For R console work with obtained results the bare requirement is to run the following code chunk defining the classes.

#required packages for classes
library(readr)
library(Biostrings)
library(treeio)


# define necessary classes
# class for the expanded_OG - containing all different types of data we have on it
setClass("expanded_OG", slots=list(blast_table="tbl_df",
                                   add_OG_analysis="list"))

# class for the hypothese
setClass("hypothesis", slots=list(description="character", 
                                  number="character",
                                  expanded_in ="character", 
                                  compared_to="character", 
                                  expanded_OGs="list",
                                  species_tree="phylo"))

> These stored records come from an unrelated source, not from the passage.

definition aci_alpha_seq :: "real mat \<Rightarrow> real vec \<Rightarrow> nat \<Rightarrow> real" where
  "aci_alpha_seq A v0 k = aci_alpha A (aci_v A v0 k)"

definition aci_beta_seq :: "real mat \<Rightarrow> real vec \<Rightarrow> nat \<Rightarrow> real" where
  "aci_beta_seq A v0 k = aci_beta A (aci_w A (aci_v A v0 k))"

end

theory Submission
  imports Defs "HOL-Analysis.Convex"
begin

text \<open>
  \<open>A\<close> is orthogonal and acts on the coordinate pair of each block \<open>G\<^sub>b\<close> as a rotation. Hence, if
  \<open>P\<^sub>b(u)\<close> is the squared mass of a unit vector \<open>u\<close> on block \<open>b\<close> and \<open>a = \<Sum>\<^sub>b c\<^sub>b P\<^sub>b(u)\<close> its
  Rayleigh quotient, the normalisation of \<open>(A - a I) u\<close> (and likewise of \<open>(A\<^sup>T - a I) u\<close>) has block
  masses \<open>P\<^sub>b(u) (1 + a\<^sup>2 - 2 a c\<^sub>b) / (1 - a\<^sup>2)\<close>.

  Since \<open>c\<^sub>\<ell> c\<^sub>j \<le> 0\<close> there are weights \<open>\<pi>, 1 - \<pi> \<ge> 0\<close> with \<open>\<pi> c\<^sub>\<ell> + (1 - \<pi>) c\<^sub>j = 0\<close>, and
  concavity of \<open>ln\<close> shows that \<open>\<Phi> = \<pi> ln P\<^sub>\<ell> + (1 - \<pi>) ln P\<^sub>j\<close> never decreases along ACI(1).
  So the masses on blocks \<open>\<ell>\<close> and \<open>j\<close> stay bounded below, which bounds the variance of \<open>c\<close>
  below by a multiple of \<open>a\<^sup>2\<close> and keeps the second moment of \<open>c\<close> away from \<open>1\<close>. The new
  Rayleigh quotient \<open>(a (1 + a\<^sup>2) - 2 a E[c\<^sup>2]) / (1 - a\<^sup>2)\<close> then obeys
  \<open>|a'| \<le> |a| (1 - \<eta> a\<^sup>2)\<close> for a fixed \<open>\<eta> > 0\<close>, which forces \<open>\<alpha>\<^sub>k, \<beta>\<^sub>k \<rightarrow> 0\<close>.
\<close>

section \<open>Real inequalities\<close>

lemma shift_factor_pos:
  fixes a g :: real
  assumes "a\<^sup>2 < 1" "g\<^sup>2 \<le> 1"
  shows "0 < 1 + a\<^sup>2 - 2 * a * g"
proof -
  have "0 < (a - g)\<^sup>2 + (1 - g\<^sup>2)"
  proof (cases "a = g")
    case False
    then have "0 < (a - g)\<^sup>2" by simp
    then show ?thesis using assms(2) by linarith
  qed (use assms(1) in simp)
  moreover have "(a - g)\<^sup>2 + (1 - g\<^sup>2) = 1 + a\<^sup>2 - 2 * a * g" by (simp add: power2_diff)
  ultimately show ?thesis by simp
qed

lemma ln_shift_factor_ge:
  fixes a g :: real
  assumes "a\<^sup>2 < 1" "g\<^sup>2 \<le> 1"
  shows "(1 + g) * ln (1 - a) + (1 - g) * ln (1 + a) \<le> ln (1 + a\<^sup>2 - 2 * a * g)"
proof -
  define t where "t = (1 - g) / 2"
  have "\<bar>a\<bar> < 1" "\<bar>g\<bar> \<le> 1" using assms by (simp_all add: abs_square_less_1 abs_square_le_1)
  then have pos: "0 < 1 - a" "0 < 1 + a" and t: "0 \<le> t" "t \<le> 1" by (auto simp: t_def)
  have "(1 + g) * ln (1 - a) + (1 - g) * ln (1 + a) = (1 - t) * ln ((1 - a)\<^sup>2) + t * ln ((1 + a)\<^sup>2)"
    using pos by (simp add: ln_realpow t_def field_simps)
  also have "\<dots> \<le> ln ((1 - t) *\<^sub>R (1 - a)\<^sup>2 + t *\<^sub>R (1 + a)\<^sup>2)"
    using pos t by (intro concave_onD[OF ln_concave]) auto
  also have "(1 - t) *\<^sub>R (1 - a)\<^sup>2 + t *\<^sub>R (1 + a)\<^sup>2 = 1 + a\<^sup>2 - 2 * a * g"
    by (simp add: t_def power2_eq_square field_simps)
  finally show ?thesis .
qed

lemma ln_one_minus_sq_le_balanced:
  fixes a gx gy p :: real
  assumes "a\<^sup>2 < 1" "gx\<^sup>2 \<le> 1" "gy\<^sup>2 \<le> 1" "0 \<le> p" "p \<le> 1" "p * gx + (1 - p) * gy = 0"
  shows "ln (1 - a\<^sup>2) \<le> p * ln (1 + a\<^sup>2 - 2 * a * gx) + (1 - p) * ln (1 + a\<^sup>2 - 2 * a * gy)"
proof -
  have "\<bar>a\<bar> < 1" using assms(1) by (simp add: abs_square_less_1)
  moreover have "1 - a\<^sup>2 = (1 - a) * (1 + a)" by (simp add: power2_eq_square algebra_simps)
  ultimately have "ln (1 - a\<^sup>2) = ln (1 - a) + ln (1 + a)" by (auto simp: ln_mult abs_less_iff)
  also have "\<dots> = p * ((1 + gx) * ln (1 - a) + (1 - gx) * ln (1 + a))
      + (1 - p) * ((1 + gy) * ln (1 - a) + (1 - gy) * ln (1 + a))"
  proof -
    have "p * ((1 + gx) * L1 + (1 - gx) * L2) + (1 - p) * ((1 + gy) * L1 + (1 - gy) * L2)
        = (L1 + L2) + (p * gx + (1 - p) * gy) * (L1 - L2)" for L1 L2 :: real
      by (simp add: algebra_simps)
    then show ?thesis using assms(6) by simp
  qed
  also have "\<dots> \<le> p * ln (1 + a\<^sup>2 - 2 * a * gx) + (1 - p) * ln (1 + a\<^sup>2 - 2 * a * gy)"
    using assms by (intro add_mono mult_left_mono ln_shift_factor_ge) auto
  finally show ?thesis .
qed

lemma exp_div_le_of_weighted_ln_ge:
  fixes P Q p \<Phi> :: real
  assumes "0 < P" "0 < Q" "Q \<le> 1" "0 < p" "p \<le> 1" "\<Phi> \<le> p * ln P + (1 - p) * ln Q"
  shows "exp (\<Phi> / p) \<le> P"
proof -
  have "(1 - p) * ln Q \<le> 0" using assms(2-5) by (simp add: mult_nonneg_nonpos)
  then have "\<Phi> / p \<le> ln P" using assms(4,6) by (simp add: divide_le_eq mult.commute)
  then show ?thesis using assms(1) by (metis exp_le_cancel_iff exp_ln)
qed

lemma balancing_weight:
  fixes a b :: real
  assumes "a * b \<le> 0" "a\<^sup>2 < 1" "b\<^sup>2 \<le> 1"
  obtains p where "0 \<le> p" "p \<le> 1" "p * a + (1 - p) * b = 0"
    "0 < p * (1 - a\<^sup>2) + (1 - p) * (1 - b\<^sup>2)"
proof (cases "b = 0")
  case True
  then show ?thesis by (intro that[of 0]) auto
next
  case False
  define p where "p = \<bar>b\<bar> / (\<bar>a\<bar> + \<bar>b\<bar>)"
  have p: "0 < p" "p \<le> 1" using False by (auto simp: p_def)
  have "\<bar>b\<bar> * a + \<bar>a\<bar> * b = 0" using assms(1) by (auto simp: mult_le_0_iff)
  moreover have "p * a + (1 - p) * b = (\<bar>b\<bar> * a + \<bar>a\<bar> * b) / (\<bar>a\<bar> + \<bar>b\<bar>)"
  proof -
    have "1 - p = \<bar>a\<bar> / (\<bar>a\<bar> + \<bar>b\<bar>)" using False by (simp add: p_def field_simps)
    then show ?thesis by (simp add: p_def add_divide_distrib)
  qed
  ultimately have "p * a + (1 - p) * b = 0" by simp
  moreover have "0 < p * (1 - a\<^sup>2) + (1 - p) * (1 - b\<^sup>2)"
    using p assms(2,3) by (intro add_pos_nonneg) auto
  ultimately show ?thesis using p by (intro that[of p]) auto
qed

#class for adding OGs analysis
setClass("add_OG_set",
         slots=list(genes="spec_tbl_df",
                    msa="AAStringSet", 
                    tree="phylo"
                   )
         )

Note that checkpoint rules (spawned due to DAG re-evaluation - e.g. unknown number of output files at the beginning of the workflow) are not included in this tree diagram. Between the "expansion" checkpoint and "expansion_checkpoint_finish" aggregation rule many jobs are spawned as here for each set of additionally considered orthologous groups of and incl. the expanded orthologous group (and per hypothesis) sequence extraction, multiple sequence alignments & phylogenetic tree building are performed.